Why invent traditions?
What conclusions are to be drawn around invented traditions in Scotland and Ireland? That they are relatively recent phenomena, in both historical and historiographical terms, there is no doubt. Both Comerford and Hobsbawm trace their beginnings to the advent of the enlightenment and more specifically with the rise of European nationalism after the French revolution. “Collectives imagine nothing as readily as common ancestry”. In common with Hobsbawm’s introductory analysis, invented traditions can establish themselves with “great rapidity … and where possible, they normally attempt to establish continuity with a suitable historic past.” Indeed, both the Irish Literary Revival and traditional Highland culture, as outlined above, were definitely engendered by struggles for autonomous rule and both traditions experienced a swift rise to cultural prominence.

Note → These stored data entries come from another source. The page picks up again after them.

(* Let $\alpha,\mu,\gamma>0$ and consider on the simplex $\Sigma=\{(L,R)\in\mathbb{R}^2: L\ge 0,\ R\ge 0,\ L+R\le 1\}$ the system \[ \dot L=\alpha L C-\mu L+\gamma R C,\qquad \dot R=\alpha R C-\mu R+\gamma L C,\qquad C=1-L-R. \] Set $\beta=\alpha+\gamma$. Then: (1) If $\beta\le\mu$, the equilibrium $E_0=(0,0)$ is globally asymptotically stable on $\Sigma$; in particular $L(t),R(t)\to 0$ and $C(t)\to 1$ for every solution starting in $\Sigma$. (2) If $\beta>\mu$, the point $E_1=(P^*,P^* )$ with $P^*=\tfrac12(1-\mu/\beta)$ (so that $C^*=1-2P^*=\mu/\beta$) is the unique interior equilibrium, it is globally asymptotically stable on $\Sigma\setminus\{E_0\}$, and $E_0$ is unstable. *)

theory Defs
  imports "HOL-Analysis.Analysis"
begin

definition vf :: "real \<Rightarrow> real \<Rightarrow> real \<Rightarrow> real \<times> real \<Rightarrow> real \<times> real" where
  "vf \<alpha> \<mu> \<gamma> p = (let L = fst p; R = snd p; C = 1 - L - R in
      (\<alpha> * L * C - \<mu> * L + \<gamma> * R * C, \<alpha> * R * C - \<mu> * R + \<gamma> * L * C))"

definition Sigma_simplex :: "(real \<times> real) set" where
  "Sigma_simplex = {(L, R). L \<ge> 0 \<and> R \<ge> 0 \<and> L + R \<le> 1}"

definition is_solution :: "real \<Rightarrow> real \<Rightarrow> real \<Rightarrow> (real \<Rightarrow> real \<times> real) \<Rightarrow> bool" where
  "is_solution \<alpha> \<mu> \<gamma> x \<longleftrightarrow>
     (\<forall>t\<ge>0. (x has_vector_derivative vf \<alpha> \<mu> \<gamma> (x t)) (at t within {0..}))"

definition stable_on :: "real \<Rightarrow> real \<Rightarrow> real \<Rightarrow> (real \<times> real) set \<Rightarrow> real \<times> real \<Rightarrow> bool" where
  "stable_on \<alpha> \<mu> \<gamma> S e \<longleftrightarrow>
     (\<forall>\<epsilon>>0. \<exists>\<delta>>0. \<forall>x. is_solution \<alpha> \<mu> \<gamma> x \<and> x 0 \<in> S \<and> dist (x 0) e < \<delta>
        \<longrightarrow> (\<forall>t\<ge>0. dist (x t) e < \<epsilon>))"
theorem lemma6p9:
  fixes \<Omega> \<Omega>' :: "'a::euclidean_space set"
    and v :: "nat \<Rightarrow> 'a \<Rightarrow> real"
    and \<mu> :: "nat \<Rightarrow> real"
    and p t C\<^sub>0 C\<^sub>t :: real
  assumes dim: "DIM('a) \<ge> 3"
    and p: "1 < p" "p < real DIM('a) / (real DIM('a) - 2)"
    and \<Omega>: "open \<Omega>" "bounded \<Omega>" "connected \<Omega>"
    and \<mu>: "filterlim \<mu> at_top sequentially"
    and v_nonneg: "\<And>n x. x \<in> \<Omega> \<Longrightarrow> v n x \<ge> 0"
    and v_eq: "\<And>n. solves_neg_laplace (v n) (\<lambda>x. \<mu> n * pos_part (v n x - 1) powr p) \<Omega>"
    and t: "t \<ge> 1" and C: "C\<^sub>0 > 0" "C\<^sub>t > 0"
    and bound0: "\<And>n. ennreal (\<mu> n powr (real DIM('a) / 2)) *
                   (\<integral>\<^sup>+x\<in>\<Omega>. ennreal (pos_part (v n x - 1) powr p) \<partial>lebesgue) \<le> ennreal C\<^sub>0"
    and boundt: "\<And>n. ennreal (\<mu> n powr (real DIM('a) / 2)) *
                   (\<integral>\<^sup>+x\<in>\<Omega>. ennreal (v n x powr t) \<partial>lebesgue) \<le> ennreal C\<^sub>t"
    and \<Omega>': "open \<Omega>'" "connected \<Omega>'" "\<Omega>' \<subseteq> \<Omega>"
    and locunif: "\<And>K. compact K \<Longrightarrow> K \<subseteq> \<Omega>' \<Longrightarrow>
                   uniform_limit K (\<lambda>n x. pos_part (v n x - 1)) (\<lambda>x. 0) sequentially"
  shows "\<forall>\<Omega>\<^sub>0. open \<Omega>\<^sub>0 \<and> compact (closure \<Omega>\<^sub>0) \<and> closure \<Omega>\<^sub>0 \<subseteq> \<Omega>' \<longrightarrow>
           (\<exists>n\<^sub>0::nat. \<exists>C>0. \<forall>n>n\<^sub>0.
              (\<forall>x\<in>\<Omega>\<^sub>0. pos_part (v n x - 1) = 0) \<and>
              (\<forall>x\<in>\<Omega>\<^sub>0. \<bar>v n x\<bar> \<le> C * (\<mu> n powr (-1/2)) powr (real DIM('a) / t)))"
proof (intro allI impI)
  fix \<Omega>\<^sub>0 :: "'a set"
  assume \<Omega>\<^sub>0: "open \<Omega>\<^sub>0 \<and> compact (closure \<Omega>\<^sub>0) \<and> closure \<Omega>\<^sub>0 \<subseteq> \<Omega>'"
  interpret scaled_solution_sequence \<Omega> v \<mu> p t C\<^sub>t
    using \<Omega>(1) v_nonneg v_eq \<mu> p(1) t C(2) boundt by unfold_locales auto
  have "compact (closure \<Omega>\<^sub>0)" "closure \<Omega>\<^sub>0 \<subseteq> \<Omega>'"
    using \<Omega>\<^sub>0 by auto
  then obtain n\<^sub>0 B where B: "B > 0" and bound: "\<And>n x. n \<ge> n\<^sub>0 \<Longrightarrow> x \<in> closure \<Omega>\<^sub>0 \<Longrightarrow>
      pos_part (v n x - 1) = 0 \<and> v n x \<le> B * \<epsilon> n powr (DIM('a) / t)"
    by (rule eventually_inactive_and_bounded[OF _ _ \<Omega>'(1,3) locunif]) auto
  show "\<exists>n\<^sub>0::nat. \<exists>C>0. \<forall>n>n\<^sub>0. (\<forall>x\<in>\<Omega>\<^sub>0. pos_part (v n x - 1) = 0) \<and>
      (\<forall>x\<in>\<Omega>\<^sub>0. \<bar>v n x\<bar> \<le> C * (\<mu> n powr (-1/2)) powr (real DIM('a) / t))"
  proof (intro exI[of _ n\<^sub>0] exI[of _ B] conjI allI impI ballI B)
    fix n x assume "n > n\<^sub>0" "x \<in> \<Omega>\<^sub>0"
    then have "n \<ge> n\<^sub>0" "x \<in> closure \<Omega>\<^sub>0" "x \<in> \<Omega>"
      using closure_subset \<Omega>\<^sub>0 \<Omega>'(3) by auto
    then show "pos_part (v n x - 1) = 0" "\<bar>v n x\<bar> \<le> B * (\<mu> n powr (-1/2)) powr (real DIM('a) / t)"
      using bound v_nonneg by (auto simp: \<epsilon>_def)
  qed
qed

But, aside from Nationalist roots and any given collective striving for authenticity and identity, there is also, I suggest, a strong nexus between the modern-day invention of traditions and the weakening or collapse of many societal grand-structures and meta-narratives. We live in what many social theorists now term the ‘post-modern’ era. At the heart of the postmodern condition there lies the disruption of a number of societal meta-narratives or communal structures and systems. Some of these would be the decline of the belief in Christian Godhead and the ensuing rise of secularism; the fall of imperial and colonial systems; the loosening of class boundaries, and, the patriarchal confidence in men as a dominant and ruling entity. And whilst the collapse of these systems can be regarded as no bad thing in most (or even perhaps all) cases, it seems to leave a gap in human lives that cultural revival and invented traditions can fill, albeit temporarily. As Hobsbawm points out “it seems clear that, in spite of much invention, new traditions have not filled more than a small part of the space left by the secular decline of both old tradition and custom”.
Communities appear to nostalgically reach back into a fondly yet selectively remembered past, revive the culture that went with it as a means of mythologizing it, and then invent accompanying traditions. Capitalism and commercial ventures too will surely play their part, as we have seen with Ms. Flaherty’s Galway shawl. It is then the combination of several factors, namely; a secular void; the abandonment of the belief in a teleological movement of humankind towards societal perfection; an inherent need for some form of belief system, and pure commercial gain that drives today’s society to revive cultural pasts and thus invent traditions. But, as we have seen with the Galway shawl, so many invented traditions of today stand as poor representations or mere tropes of the rich cultures they seek to rekindle.
Perhaps cultural purists can take some solace in the fact that whilst Scottish Highland traditions and the Irish Literary revival will remain in the annals of history forever that, according to recent business listings, Mary Flaherty is no longer in business.